Mel looks at me from under her pink hat. Doesn't say anything.
"That was a shitty thing for me to say. I was just upset."
No answer.
"Dad's, uh, trying to make you an appointment."
"It won't help," she says.
"Maybe it will."
"No."
"Will you please try it?"
"I'll try it."
"Thanks."
"It's." She stops. She takes off the hat and pushes her hands through her dyed red hair. Strands of it come out, decorating her hands with too-tight rings. "What?" she says.

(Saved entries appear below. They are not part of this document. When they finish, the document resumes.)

(* Consider a Kepler billiard in the plane: a particle moves under a Kepler(-Coulomb) potential centered at $F$ and is elastically reflected at a wall $\mathbf{K}$ which is either an ellipse or a branch of a hyperbola with foci $F$ and $F'$. Choose coordinates with $F'=(0,0)$ and $F=(-2c_{\mathbf{K}},0)$, and let $a_{\mathbf{K}}$ be the semi-major axis of $\mathbf{K}$. Fix a non-zero energy, so that the Keplerian arcs are arcs of conics with focus $F$ and common semi-major axis $a$, and let $F_1,F_2,\dots$ be the second foci of the successive Keplerian arcs along a billiard trajectory; these lie on a circle centered at $F'$ of radius $R$. Then there are real numbers $x_0=x_0(a,R)$ and $r_0=r_0(a,R)$, depending only on $\mathbf{K}$ and given by quadratic functions of $a$ and $R$, such that every line $\ell(F_iF_{i+1})$ through consecutive second foci is tangent to the circle with center $(x_0,0)$ and radius $|r_0|$ (the foci-caustic circle).
   Context: Elastic reflection means the velocity is reflected with respect to the tangent line to $\mathbf{K}$ at the impact point, preserving energy; the semi-major axis $a$ of the Keplerian orbit is preserved under reflections. The second focus of an elliptic Keplerian orbit $\{P:|PF|+|PF_i|=2a\}$ is $F_i$; for hyperbolic orbits it is the other focus of the hyperbola containing the arc. It is a known fact that the second foci along a trajectory all lie on a circle centered at $F'$; its radius $R$ is a conserved quantity. *)

theory Defs
  imports "HOL-Analysis.Analysis"
begin

text \<open>Reflection of a vector v with respect to the line orthogonal to n (n a normal vector of
  that line); for n a normal of the wall at the impact point this is elastic reflection of the
  velocity with respect to the tangent line of the wall.\<close>
definition reflect_normal :: "real^2 \<Rightarrow> real^2 \<Rightarrow> real^2" where
  "reflect_normal n v = v - (2 * (v \<bullet> n) / (n \<bullet> n)) *\<^sub>R n"

text \<open>The wall K with foci F and F' = 0 and (signed) parameter aK:
  s = 1: the ellipse |PF| + |PF'| = 2 aK;
  s = -1: the hyperbola branch |PF| - |PF'| = 2 aK (aK of either sign selects the branch).\<close>
definition wall :: "real^2 \<Rightarrow> real \<Rightarrow> real \<Rightarrow> (real^2) set" where
  "wall F s aK = {P. dist P F + s * dist P 0 = 2 * aK}"

text \<open>Normal vector of the wall at P (gradient of the defining function).\<close>
definition wall_normal :: "real^2 \<Rightarrow> real \<Rightarrow> real^2 \<Rightarrow> real^2" where
  "wall_normal F s P = sgn (P - F) + s *\<^sub>R sgn P"

text \<open>Keplerian orbit with focus F (the Kepler centre), second focus F1 and signed semi-major
  axis a (a > 0: elliptic orbit |QF| + |QF1| = 2a; a < 0: hyperbolic orbit, the branch
  |QF1| - |QF| = 2|a| around the attracting centre F).\<close>
definition kepler_orbit :: "real^2 \<Rightarrow> real^2 \<Rightarrow> real \<Rightarrow> (real^2) set" where
  "kepler_orbit F F1 a = {Q. dist Q F + sgn a * dist Q F1 = 2 * a}"

definition kepler_normal :: "real^2 \<Rightarrow> real^2 \<Rightarrow> real \<Rightarrow> real^2 \<Rightarrow> real^2" where
  "kepler_normal F F1 a Q = sgn (Q - F) + sgn a *\<^sub>R sgn (Q - F1)"

text \<open>F1 is the second focus of the (non-degenerate) Keplerian orbit with focus F and
  semi-major axis a which passes through P with velocity v (v tangent to the orbit at P).\<close>
definition is_second_focus :: "real^2 \<Rightarrow> real \<Rightarrow> real^2 \<Rightarrow> real^2 \<Rightarrow> real^2 \<Rightarrow> bool" where
  "is_second_focus F a P v F1 \<longleftrightarrow>
     P \<in> kepler_orbit F F1 a \<and> P \<noteq> F \<and> P \<noteq> F1 \<and>
     kepler_normal F F1 a P \<noteq> 0 \<and> v \<noteq> 0 \<and> v \<bullet> kepler_normal F F1 a P = 0"

text \<open>A Kepler billiard trajectory in the wall (F, s, aK) at energy level a:
  P i is the i-th impact point, v i the velocity just before the i-th impact, Fs i the second
  focus of the i-th Keplerian arc (the arc arriving at P i); the reflected arc leaving P i
  has second focus Fs (Suc i).\<close>
definition billiard_traj ::
  "real^2 \<Rightarrow> real \<Rightarrow> real \<Rightarrow> real \<Rightarrow> (nat \<Rightarrow> real^2) \<Rightarrow> (nat \<Rightarrow> real^2) \<Rightarrow> (nat \<Rightarrow> real^2) \<Rightarrow> bool"
  where
  "billiard_traj F s aK a P v Fs \<longleftrightarrow>
     (\<forall>i. P i \<in> wall F s aK \<and>
          is_second_focus F a (P i) (v i) (Fs i) \<and>
          is_second_focus F a (P i) (reflect_normal (wall_normal F s (P i)) (v i)) (Fs (Suc i)))"

definition quad2 :: "real \<times> real \<times> real \<times> real \<times> real \<times> real \<Rightarrow> real \<Rightarrow> real \<Rightarrow> real" where
  "quad2 k a R = (case k of (k1, k2, k3, k4, k5, k6) \<Rightarrow>
      k1 * a\<^sup>2 + k2 * a * R + k3 * R\<^sup>2 + k4 * a + k5 * R + k6)"

end

theory Submission
  imports Defs
begin

text \<open>
  Let Q be an impact point and A, B the second foci of the arcs arriving at and leaving Q.
  Both arcs pass through Q and have the same semi-major axis a, so
  |QA| = |QB| = |2a - |QF||; only this conservation of a is used, not the reflection law.
  Since moreover |A| = |B| = R, the line AB is the radical axis Q \<bullet> x = k of the circle of
  radius R about F' and the circle about Q through A and B. On the wall |QF| = 2 aK - s|Q|,
  so both the first coordinate of Q and k are affine in |Q|; for the right choice of x0 the
  distance |x0 Q_1 - k| / |Q| from (x0, 0) to the line AB no longer depends on Q.
\<close>

lemma infdist_hyperplane:
  fixes x n :: "'a::real_inner"
  assumes "n \<noteq> 0"
  shows "infdist x {y. n \<bullet> y = k} = \<bar>n \<bullet> x - k\<bar> / norm n"
proof (rule antisym)
  define p where "p = x - ((n \<bullet> x - k) / (n \<bullet> n)) *\<^sub>R n"
  have "n \<bullet> p = k"
    using assms by (simp add: p_def inner_diff_right)
  moreover have "dist x p = \<bar>n \<bullet> x - k\<bar> / norm n"
    using assms by (simp add: p_def dist_norm power2_norm_eq_inner [symmetric] power2_eq_square)
  ultimately show "infdist x {y. n \<bullet> y = k} \<le> \<bar>n \<bullet> x - k\<bar> / norm n"
    by (metis (mono_tags) infdist_le mem_Collect_eq)
next
  have "\<bar>n \<bullet> x - k\<bar> / norm n \<le> dist x y" if "n \<bullet> y = k" for y
  proof -
    have "\<bar>n \<bullet> x - k\<bar> = \<bar>n \<bullet> (x - y)\<bar>"
      using that by (simp add: inner_diff_right)
    also have "\<dots> \<le> norm n * dist x y"
      by (simp add: dist_norm Cauchy_Schwarz_ineq2)
    finally show ?thesis
      using assms by (simp add: divide_le_eq mult.commute)
  qed
  moreover have "{y. n \<bullet> y = k} \<noteq> {}"
    using assms by (metis (mono_tags) empty_iff hyperplane_eq_empty inner_commute)
  ultimately show "\<bar>n \<bullet> x - k\<bar> / norm n \<le> infdist x {y. n \<bullet> y = k}"
    unfolding infdist_notempty [OF \<open>{y. n \<bullet> y = k} \<noteq> {}\<close>] by (blast intro: cINF_greatest)
qed

lemma affine_hull_pair_eq_hyperplane:
  fixes A B n :: "'a::euclidean_space"
  assumes "DIM('a) = 2" "A \<noteq> B" "n \<noteq> 0" "n \<bullet> A = k" "n \<bullet> B = k"
  shows "affine hull {A, B} = {x. n \<bullet> x = k}"
proof (rule affine_dim_equal)
  show "affine hull {A, B} \<subseteq> {x. n \<bullet> x = k}"
    using assms by (intro hull_minimal) (auto simp: affine_hyperplane)
  have "aff_dim {x. n \<bullet> x = k} = DIM('a) - 1"
    using assms(3) by (subst aff_dim_eq_hyperplane) (metis affine_hull_eq affine_hyperplane)
  then show "aff_dim (affine hull {A, B}) = aff_dim {x. n \<bullet> x = k}"
    using assms(1,2) by simp
qed (auto simp: affine_hyperplane)

lemma inner_vector2: "(y :: real^2) \<bullet> vector [x1, x2] = y$1 * x1 + y$2 * x2"
  by (simp add: inner_vec_def sum_2)

lemma zero_notin_wall:
  assumes "aK\<^sup>2 \<noteq> c\<^sup>2"
  shows "0 \<notin> wall (vector [- 2 * c, 0]) s aK"
proof
  assume "0 \<in> wall (vector [- 2 * c, 0]) s aK"
  then have "\<bar>c\<bar> = aK"
    by (simp add: wall_def norm_vec_def L2_set_def sum_2 real_sqrt_mult)
  with assms show False
    by auto
qed

lemma wall_first_coordinate:
  assumes "Q \<in> wall (vector [- 2 * c, 0]) s aK" and "s\<^sup>2 = 1"
  shows "c * Q$1 = aK\<^sup>2 - c\<^sup>2 - s * aK * norm Q"
proof -
  have "(dist Q (vector [- 2 * c, 0]))\<^sup>2 = (norm Q)\<^sup>2 + 4 * c * Q$1 + 4 * c\<^sup>2"
    unfolding dist_norm power2_norm_eq_inner
    by (simp add: inner_vec_def sum_2 power2_eq_square algebra_simps)
  moreover have "dist Q (vector [- 2 * c, 0]) = 2 * aK - s * norm Q"
    using assms(1) by (simp add: wall_def)
  moreover have "(2 * aK - s * norm Q)\<^sup>2 = 4 * aK\<^sup>2 - 4 * s * aK * norm Q + (norm Q)\<^sup>2"
    using assms(2) by (simp add: power2_diff power_mult_distrib)
  ultimately show ?thesis
    by simp
qed

lemma kepler_orbit_dist_second_focus:
  assumes "Q \<in> kepler_orbit F F1 a" and "a \<noteq> 0"
  shows "dist Q F1 = \<bar>2 * a - dist Q F\<bar>"
proof -
  have "sgn a * dist Q F1 = 2 * a - dist Q F"
    using assms(1) by (simp add: kepler_orbit_def)
  then have "\<bar>sgn a * dist Q F1\<bar> = \<bar>2 * a - dist Q F\<bar>"
    by simp
  then show ?thesis
    using assms(2) by (simp add: abs_mult)
qed

definition caustic_center :: "real \<Rightarrow> real \<Rightarrow> real \<Rightarrow> real \<Rightarrow> real" where
  "caustic_center c aK a R = c * (R\<^sup>2 - 4 * (a - aK)\<^sup>2) / (2 * (aK\<^sup>2 - c\<^sup>2))"

definition caustic_radius :: "real \<Rightarrow> real \<Rightarrow> real \<Rightarrow> real \<Rightarrow> real" where
  "caustic_radius c aK a R = aK * (R\<^sup>2 - 4 * (a - aK)\<^sup>2) / (2 * (aK\<^sup>2 - c\<^sup>2)) - 2 * (a - aK)"

lemma caustic_center_eq_quad2:
  "caustic_center c aK a R = quad2
     (- 2 * c / (aK\<^sup>2 - c\<^sup>2), 0, c / (2 * (aK\<^sup>2 - c\<^sup>2)), 4 * c * aK / (aK\<^sup>2 - c\<^sup>2), 0,
      - 2 * c * aK\<^sup>2 / (aK\<^sup>2 - c\<^sup>2)) a R"
proof -
  define D where "D = aK\<^sup>2 - c\<^sup>2"
  have "c * (R\<^sup>2 - 4 * (a - aK)\<^sup>2) / (2 * D) =
    quad2 (- 2 * c / D, 0, c / (2 * D), 4 * c * aK / D, 0, - 2 * c * aK\<^sup>2 / D) a R"
    by (cases "D = 0") (simp_all add: quad2_def power2_diff field_simps)
  then show ?thesis
    by (simp add: caustic_center_def D_def)
qed

lemma caustic_radius_eq_quad2:
  "caustic_radius c aK a R = quad2
     (- 2 * aK / (aK\<^sup>2 - c\<^sup>2), 0, aK / (2 * (aK\<^sup>2 - c\<^sup>2)), 4 * aK\<^sup>2 / (aK\<^sup>2 - c\<^sup>2) - 2, 0,
      - 2 * aK ^ 3 / (aK\<^sup>2 - c\<^sup>2) + 2 * aK) a R"
proof -
  define D where "D = aK\<^sup>2 - c\<^sup>2"
  have "aK * (R\<^sup>2 - 4 * (a - aK)\<^sup>2) / (2 * D) - 2 * (a - aK) =
    quad2 (- 2 * aK / D, 0, aK / (2 * D), 4 * aK\<^sup>2 / D - 2, 0, - 2 * aK ^ 3 / D + 2 * aK) a R"
    by (cases "D = 0")
      (simp_all add: quad2_def power2_diff power2_eq_square power3_eq_cube field_simps)
  then show ?thesis
    by (simp add: caustic_radius_def D_def)
qed

lemma caustic_center_offset_eq:
  assumes "aK\<^sup>2 \<noteq> c\<^sup>2" and "s\<^sup>2 = 1"
    and "c * q1 = aK\<^sup>2 - c\<^sup>2 - s * aK * r"
    and "2 * k = r\<^sup>2 + R\<^sup>2 - (2 * a - (2 * aK - s * r))\<^sup>2"
  shows "caustic_center c aK a R * q1 - k = - s * r * caustic_radius c aK a R"
proof -
  define M where "M = R\<^sup>2 - 4 * (a - aK)\<^sup>2"
  define D where "D = aK\<^sup>2 - c\<^sup>2"
  have "D \<noteq> 0"
    using assms(1) by (simp add: D_def)
  have "caustic_center c aK a R * q1 = M / (2 * D) * (D - s * aK * r)"
    using assms(3) by (simp add: caustic_center_def M_def D_def)
  also have "\<dots> = M / 2 - s * r * (aK * M / (2 * D))"
    using \<open>D \<noteq> 0\<close> by (simp add: field_simps)
  finally have center: "caustic_center c aK a R * q1 = M / 2 - s * r * (aK * M / (2 * D))" .
  have "(2 * a - (2 * aK - s * r))\<^sup>2 = 4 * (a - aK)\<^sup>2 + 4 * s * (a - aK) * r + s\<^sup>2 * r\<^sup>2"
    by (simp add: power2_eq_square algebra_simps)
  with assms(2,4) have k: "k = M / 2 - 2 * s * (a - aK) * r"
    by (simp add: M_def field_simps)
  have radius: "caustic_radius c aK a R = aK * M / (2 * D) - 2 * (a - aK)"
    by (simp add: caustic_radius_def M_def D_def)
  show ?thesis
    unfolding center radius k by (simp add: algebra_simps)
qed

lemma infdist_caustic_center_line_second_foci:
  fixes Q A B :: "real^2"
  assumes "aK\<^sup>2 \<noteq> c\<^sup>2" and "s\<^sup>2 = 1" and "a \<noteq> 0"
    and Q_wall: "Q \<in> wall (vector [- 2 * c, 0]) s aK"
    and Q_orbit_A: "Q \<in> kepler_orbit (vector [- 2 * c, 0]) A a"
    and Q_orbit_B: "Q \<in> kepler_orbit (vector [- 2 * c, 0]) B a"
    and "norm A = R" and "norm B = R" and "A \<noteq> B"
  shows "infdist (vector [caustic_center c aK a R, 0]) (affine hull {A, B}) =
    \<bar>caustic_radius c aK a R\<bar>"
proof -
  define k where "k = Q \<bullet> A"
  have "Q \<noteq> 0"
    using zero_notin_wall [OF assms(1)] Q_wall by blast
  have "dist Q (vector [- 2 * c, 0]) = 2 * aK - s * norm Q"
    using Q_wall by (simp add: wall_def)
  then have dist_A: "dist Q A = \<bar>2 * a - (2 * aK - s * norm Q)\<bar>"
    and "dist Q B = dist Q A"
    using kepler_orbit_dist_second_focus [OF Q_orbit_A \<open>a \<noteq> 0\<close>]
      kepler_orbit_dist_second_focus [OF Q_orbit_B \<open>a \<noteq> 0\<close>] by simp_all
  then have "Q \<bullet> B = k"
    using assms(7,8) by (simp add: k_def dot_norm_neg dist_norm)
  then have line: "affine hull {A, B} = {x. Q \<bullet> x = k}"
    using \<open>Q \<noteq> 0\<close> \<open>A \<noteq> B\<close> by (intro affine_hull_pair_eq_hyperplane) (simp_all add: k_def)
  have "2 * k = (norm Q)\<^sup>2 + R\<^sup>2 - (2 * a - (2 * aK - s * norm Q))\<^sup>2"
    using dist_A assms(7) by (simp add: k_def dot_norm_neg dist_norm)
  with assms(1,2) wall_first_coordinate [OF Q_wall assms(2)]
  have identity: "caustic_center c aK a R * Q$1 - k = - s * norm Q * caustic_radius c aK a R"
    by (rule caustic_center_offset_eq)
  have "\<bar>s\<bar> = 1"
    using assms(2) by (auto simp: power2_eq_1_iff)
  have "infdist (vector [caustic_center c aK a R, 0]) (affine hull {A, B}) =
      \<bar>Q \<bullet> vector [caustic_center c aK a R, 0] - k\<bar> / norm Q"
    unfolding line by (rule infdist_hyperplane [OF \<open>Q \<noteq> 0\<close>])
  also have "Q \<bullet> vector [caustic_center c aK a R, 0] - k = - s * norm Q * caustic_radius c aK a R"
    using identity by (simp add: inner_vector2 mult.commute)
  finally show ?thesis
    using \<open>\<bar>s\<bar> = 1\<close> \<open>Q \<noteq> 0\<close> by (simp add: abs_mult)
qed

theorem mainTheorem2:
  fixes c aK s :: real
  assumes c_pos: "c > 0"
    and wall_type: "(s = 1 \<and> c < aK) \<or> (s = -1 \<and> aK \<noteq> 0 \<and> \<bar>aK\<bar> < c)"
  shows "\<exists>kx kr. \<forall>a R (P :: nat \<Rightarrow> real^2) v Fs.
           a \<noteq> 0 \<longrightarrow>
           billiard_traj (vector [- 2 * c, 0]) s aK a P v Fs \<longrightarrow>
           (\<forall>i. dist (Fs i) 0 = R) \<longrightarrow>
           (\<forall>i. Fs i \<noteq> Fs (Suc i) \<longrightarrow>
                infdist (vector [quad2 kx a R, 0]) (affine hull {Fs i, Fs (Suc i)}) = \<bar>quad2 kr a R\<bar>)"
proof -
  have "aK\<^sup>2 \<noteq> c\<^sup>2" and "s\<^sup>2 = 1"
    using c_pos wall_type by (auto simp: power2_eq_iff)
  then have "\<forall>a R (P :: nat \<Rightarrow> real^2) v Fs.
      a \<noteq> 0 \<longrightarrow>
      billiard_traj (vector [- 2 * c, 0]) s aK a P v Fs \<longrightarrow>
      (\<forall>i. dist (Fs i) 0 = R) \<longrightarrow>
      (\<forall>i. Fs i \<noteq> Fs (Suc i) \<longrightarrow>
        infdist (vector [caustic_center c aK a R, 0]) (affine hull {Fs i, Fs (Suc i)}) =
          \<bar>caustic_radius c aK a R\<bar>)"
    by (auto simp: billiard_traj_def is_second_focus_def dist_norm
        intro!: infdist_caustic_center_line_second_foci)
  then show ?thesis
    unfolding caustic_center_eq_quad2 caustic_radius_eq_quad2 by blast
qed

end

"Nothing. What were you going to say?"
"Nothing."
She looks over at her desk, at a pile of science-fiction books I've never heard of. Big red letters and spaceships on the covers. I'm about to leave before I get yelled at again, when she says, "I fucking hate the hospital."
"I think most people do."
"It's different for me."
I sit down on the edge of her bed. When she doesn't kick me, I'm relieved at having judged correctly. "You won't have to go there again."
"You don't know that."
"You'll get better."
She sits up, folds her legs into a pointy pretzel. She keeps looking at me, and I'm not sure what she wants. I make myself look back. The inside of my head feels cold and empty.
Then she looks down and says, "There was this woman last time, in the waiting room. And she kept falling, but like, on purpose. Just kind of threw herself."
"Ow."
"She kept screaming. Like, she knew she didn't want to, but she kept doing it."
"That's horrible."
"Yeah."
"Mel." She pokes her finger in and out of a hole of her jeans. "Mel," I say louder.
"Yeah."
"You're not like that, you know. You're not - there's nothing wrong with you."
She continues to poke at the hole.
I hug her, say, "You'll be okay."
She doesn't answer.
I search the walls of the orange room, trying to place the sound, a start and stop of air. My sister shivers, first a couple times, but then she doesn't stop. I realize she's crying.
"It's okay," I say again. She holds on to me. Her grip is surprising, coming from arms all drained of muscle, swallowed in the cotton of her sleeves.